Rhetorical Context: Competing for the Loyalty of the Masses

G. K. Chesterton wrote “The Fallacy of Success” for the Illustrated London News, the world’s first illustrated weekly news magazine, to which such notable writers as Robert Louis Stevenson, Joseph Conrad, Sir Arthur Conan Doyle, and Agatha Christie made contributions. Chesterton’s audience was diverse and sizable in proportion to the distribution of the newspaper. The topic of “The Fallacy of Success” is a genre of literature that was likewise marketed to the masses and continues to exist under the broad label of “self-help.” Chesterton wrote with the intent of persuading his readers that books about success are worthless and ridiculous; in the essay, he implies that the proliferation of such books has motivated him to take the offensive and write his criticism.
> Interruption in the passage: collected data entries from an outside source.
(* If $f:R\to S$ is a morphism of real semigroups, then $f$ is also a morphism between the associated real reduced multirings (with $a+b=D^t(a,b)$ and $-g=(-1)g$); hence the assignment sending a real semigroup to its associated real reduced multiring and each morphism to itself is a functor $M:\mathcal{RS}\to\mathcal{MR}_{red}$.
   Context: A ternary semigroup is $(S,\cdot,1,0,-1)$ with: $(S,\cdot,1)$ a commutative semigroup with unity; $x^3=x$; $-1\ne1$, $(-1)(-1)=1$; $x0=0$; $x=(-1)x\Rightarrow x=0$. A real semigroup is a ternary semigroup with a ternary relation $D$, where $a\in D^t(b,c)$ means $a\in D(b,c)$, $-b\in D(-a,c)$, $-c\in D(b,-a)$, satisfying: (RS0) $c\in D(a,b)\iff c\in D(b,a)$; (RS1) $a\in D(a,b)$; (RS2) $a\in D(b,c)\Rightarrow ad\in D(bd,cd)$; (RS3) $a\in D^t(b,c)$, $c\in D^t(d,e)\Rightarrow\exists x\in D^t(b,d)$ with $a\in D^t(x,e)$; (RS4) $e\in D(c^2a,d^2b)\Rightarrow e\in D(a,b)$; (RS5) $ad=bd$, $ae=be$, $c\in D(d,e)\Rightarrow ac=bc$; (RS6) $c\in D(a,b)\Rightarrow c\in D^t(c^2a,c^2b)$; (RS7) $D^t(a,-b)\cap D^t(b,-a)\ne\emptyset\Rightarrow a=b$; (RS8) $a\in D(b,c)\Rightarrow a^2\in D(b^2,c^2)$. A morphism of real semigroups $f$ satisfies $f(ab)=f(a)f(b)$, $f(1)=1$, $f(0)=0$, $f(-1)=-1$ and $a\in D(b,c)\Rightarrow f(a)\in D(f(b),f(c))$; $\mathcal{RS}$ is the resulting category. A multiring is a tuple $(R,+,\cdot,-,0,1)$ with $+:R\times R\to\mathcal P(R)\setminus\{\emptyset\}$ satisfying: $z\in x+y\Rightarrow x\in z+(-y)$ and $y\in(-x)+z$; $y\in0+x\iff y=x$; $+$ associative and commutative; $(R,\cdot,1)$ a commutative monoid; $a0=0$; $c\in a+b\Rightarrow cd\in ad+bd$. Real reduced: $1\ne0$, $a^3=a$, $c\in a+ab^2\Rightarrow c=a$, $c,d\in a^2+b^2\Rightarrow c=d$. Multiring morphisms satisfy $c\in a+b\Rightarrow f(c)\in f(a)+f(b)$, $f(-a)=-f(a)$, $f(0)=0$, $f(ab)=f(a)f(b)$, $f(1)=1$; $\mathcal{MR}_{red}$ is the category of real reduced multirings. *)

theory Defs
  imports Main
begin
theorem lemma2p1:
  fixes M :: "'a measure" and \<xi> :: "nat \<Rightarrow> 'a \<Rightarrow> real" and \<delta> x y :: real
  assumes "prob_space M"
    and rv: "\<And>j. \<xi> j \<in> borel_measurable M"
    and indep: "prob_space.indep_vars M (\<lambda>_. borel) \<xi> UNIV"
    and ident: "\<And>j. distr M borel (\<xi> j) = distr M borel (\<xi> 0)"
    and nondeg: "\<not> (\<exists>c. AE \<omega> in M. \<xi> 0 \<omega> = c)"
    and mean: "integrable M (\<xi> 0)" "prob_space.expectation M (\<xi> 0) = 0"
    and var: "integrable M (\<lambda>\<omega>. (\<xi> 0 \<omega>)^2)" "prob_space.expectation M (\<lambda>\<omega>. (\<xi> 0 \<omega>)^2) = 1"
    and \<delta>: "\<delta> > 0" "integrable M (\<lambda>\<omega>. \<bar>\<xi> 0 \<omega>\<bar> powr (2 + \<delta>))"
  shows "(\<lambda>n. \<bar>measure M {\<omega>\<in>space M. \<forall>k\<in>{1..n-1}.
                 x < cmod (dft_coeff \<xi> n k \<omega>) \<and> cmod (dft_coeff \<xi> n k \<omega>) \<le> frak_b n * y + frak_a n}
             - measure M {\<omega>\<in>space M. \<forall>k\<in>{0..n-1}.
                 x < cmod (dft_coeff \<xi> n k \<omega>) \<and> cmod (dft_coeff \<xi> n k \<omega>) \<le> frak_b n * y + frak_a n}\<bar>)
         \<longlonglongrightarrow> 0"
proof -
  interpret prob_space M by fact
  define c where "c n = frak_b n * y + frak_a n" for n
  define E where "E n K = {\<omega>\<in>space M. \<forall>k\<in>K. x < cmod (dft_coeff \<xi> n k \<omega>) \<and> cmod (dft_coeff \<xi> n k \<omega>) \<le> c n}"
    for n K
  define W where "W n = {\<omega>\<in>space M. x < \<bar>\<Sum>j<n. \<xi> j \<omega>\<bar> \<and> \<bar>\<Sum>j<n. \<xi> j \<omega>\<bar> \<le> c n}" for n
  have [measurable]: "\<xi> j \<in> borel_measurable M" for j
    by (rule rv)
  have "{0..n-1} = insert 0 {1..n-1}" for n :: nat
    by auto
  then have "E n {0..n-1} = E n {1..n-1} \<inter> W n" for n
    by (auto simp: E_def W_def cmod_dft_coeff_0)
  moreover have "E n {1..n-1} \<in> sets M" "W n \<in> sets M" for n
    unfolding E_def W_def dft_coeff_def by measurable
  ultimately have bound: "\<bar>prob (E n {1..n-1}) - prob (E n {0..n-1})\<bar> \<le> prob (space M - W n)" for n
    by (simp add: measure_diff_Int_le)
  have "filterlim (\<lambda>n. c n / sqrt n) at_top sequentially"
    unfolding c_def frak_a_def frak_b_def by real_asymp
  note window = iid_sum_outside_window_tendsto_0[OF indep ident mean(2) var this]
  have compl: "space M - W n = {\<omega>\<in>space M. \<not> (x < \<bar>\<Sum>j<n. \<xi> j \<omega>\<bar> \<and> \<bar>\<Sum>j<n. \<xi> j \<omega>\<bar> \<le> c n)}" for n
    by (auto simp: W_def)
  have "(\<lambda>n. prob (space M - W n)) \<longlonglongrightarrow> 0"
    unfolding compl by (fact window)
  then have "(\<lambda>n. \<bar>prob (E n {1..n-1}) - prob (E n {0..n-1})\<bar>) \<longlonglongrightarrow> 0"
    by (rule tendsto_sandwich[OF always_eventually always_eventually tendsto_const, rotated 2])
      (simp, use bound in blast)
  then show ?thesis
    unfolding E_def c_def .
qed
Given that Chesterton wrote prolifically for a newspaper that vied for readers’ weekly attention, the essay is intrinsically competitive. Readers attracted to new books about success might choose not to read the Illustrated London News—at least not for the reasons that Chesterton hopes to be read. The essays of All Things Considered are not written merely or even mainly to inform, but to benefit readers—to edify would be the religious term, and Chesterton wrote with a Christian framework in mind—and the books about success promise to benefit readers too, though in a different, materialistic sense.